Check each line of the listing below for the string "valid", and copy the ones that have it.

BEGIN

(* Averaging over the exponential waiting time: with splits at rate c = lam k, the split happens
   after the horizon iff e > U = c (t - T); below U the generator identity applies. *)
lemma average_over_wait:
  assumes valid: "valid_state s" and before: "fst s \<le> t"
  defines "c \<equiv> lam * real (length (fst (snd s)))"
  shows "(\<integral>\<^sup>+e. ennreal (if t < fst s + max 0 e / c then X s else mean_split (fst s + max 0 e / c) s)
           \<partial>density lborel (exponential_density 1)) = ennreal (V s)"
proof -
  obtain T bs acc where s: "s = (T, bs, acc)" by (cases s)
  define k where "k = length bs"
  define U where "U = c * (t - T)"
  define H where "H x = mean_split (T + x / c) s" for x
  have k: "0 < k" using valid by (simp add: s k_def valid_state_def)
  have c: "0 < c" using k lam_pos by (simp add: c_def s k_def)
  have U: "0 \<le> U" using before c by (simp add: s U_def)
  have after: "t < T + x / c \<longleftrightarrow> U < x" for x using c by (simp add: U_def field_simps)
  have "AE e in density lborel (exponential_density 1). 0 \<le> e"
    by (subst AE_density) (auto simp: exponential_density_def intro!: AE_I2)
  then have "(\<integral>\<^sup>+e. ennreal (if t < fst s + max 0 e / c then X s else mean_split (fst s + max 0 e / c) s)
           \<partial>density lborel (exponential_density 1))
      = (\<integral>\<^sup>+e. ennreal (if e \<le> U then H e else X s) \<partial>density lborel (exponential_density 1))"
    by (intro nn_integral_cong_AE)
       (auto elim!: eventually_mono simp: s H_def after)
  also have "\<dots> = ennreal (V s)"
  proof (rule nn_integral_exponential_first_wait[where F = "\<lambda>x. - exp (-x) * V (T + x / c, bs, acc)"])
    show "((\<lambda>x. - exp (-x) * V (T + x / c, bs, acc)) has_real_derivative exp (-x) * H x) (at x)" for x
      using aged_value_deriv[of bs T acc x] k by (simp add: H_def c_def k_def s)
    show "0 \<le> H x" if "0 \<le> x" "x \<le> U" for x
      using that c valid before by (auto simp: H_def U_def s field_simps intro!: mean_split_nonneg)
    have "H = (\<lambda>x. real (Suc k) * a (t - (T + x / c))
        + b (t - (T + x / c)) * (total_age s + real k * (x / c) - (total_age s + real k * (x / c)) / real k)
        + c0 * (acc + (total_age s + real k * (x / c)) / real k))"
      unfolding fun_eq_iff
      using mean_split_eq[of bs "T + _ / c" T acc] total_age_shift[of "T + _ / c" bs acc T acc] k
      by (simp add: H_def s k_def)
    then show "H \<in> borel_measurable borel" by simp
    show "0 \<le> X s" by (rule X_nonneg[OF valid before])
    have "T + U / c = t" using c by (simp add: U_def)
    then show "- exp (-U) * V (T + U / c, bs, acc) = - exp (-U) * X s"
      by (simp add: V_at_horizon s)
  qed (simp_all add: U s)
  finally show ?thesis .
qed

lemma one_step_identity:
  assumes valid: "valid_state s" and before: "fst s \<le> t"
  shows "(\<integral>\<^sup>+x. ennreal (if t < fst (yule_step lam (clamp_wait x) s) then X s
                        else V (yule_step lam (clamp_wait x) s)) \<partial>yule_base) = ennreal (V s)"
proof -
  note first = state_measurable_first_step[OF valid]
  note [measurable] = measurable_V_X(1)[OF first]
    first[unfolded state_measurable_def, THEN conjunct2, THEN conjunct1]
  show ?thesis
    by (subst nn_integral_yule_base)
       (simp_all add: average_over_split[OF valid before] average_over_wait[OF valid before])
qed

END

Exercise solution –
  assumes valid: "valid_state s" and before: "fst s \<le> t"
  have k: "0 < k" using valid by (simp add: s k_def valid_state_def)
      using that c valid before by (auto simp: H_def U_def s field_simps intro!: mean_split_nonneg)
    show "0 \<le> X s" by (rule X_nonneg[OF valid before])
  assumes valid: "valid_state s" and before: "fst s \<le> t"
  note first = state_measurable_first_step[OF valid]
       (simp_all add: average_over_split[OF valid before] average_over_wait[OF valid before])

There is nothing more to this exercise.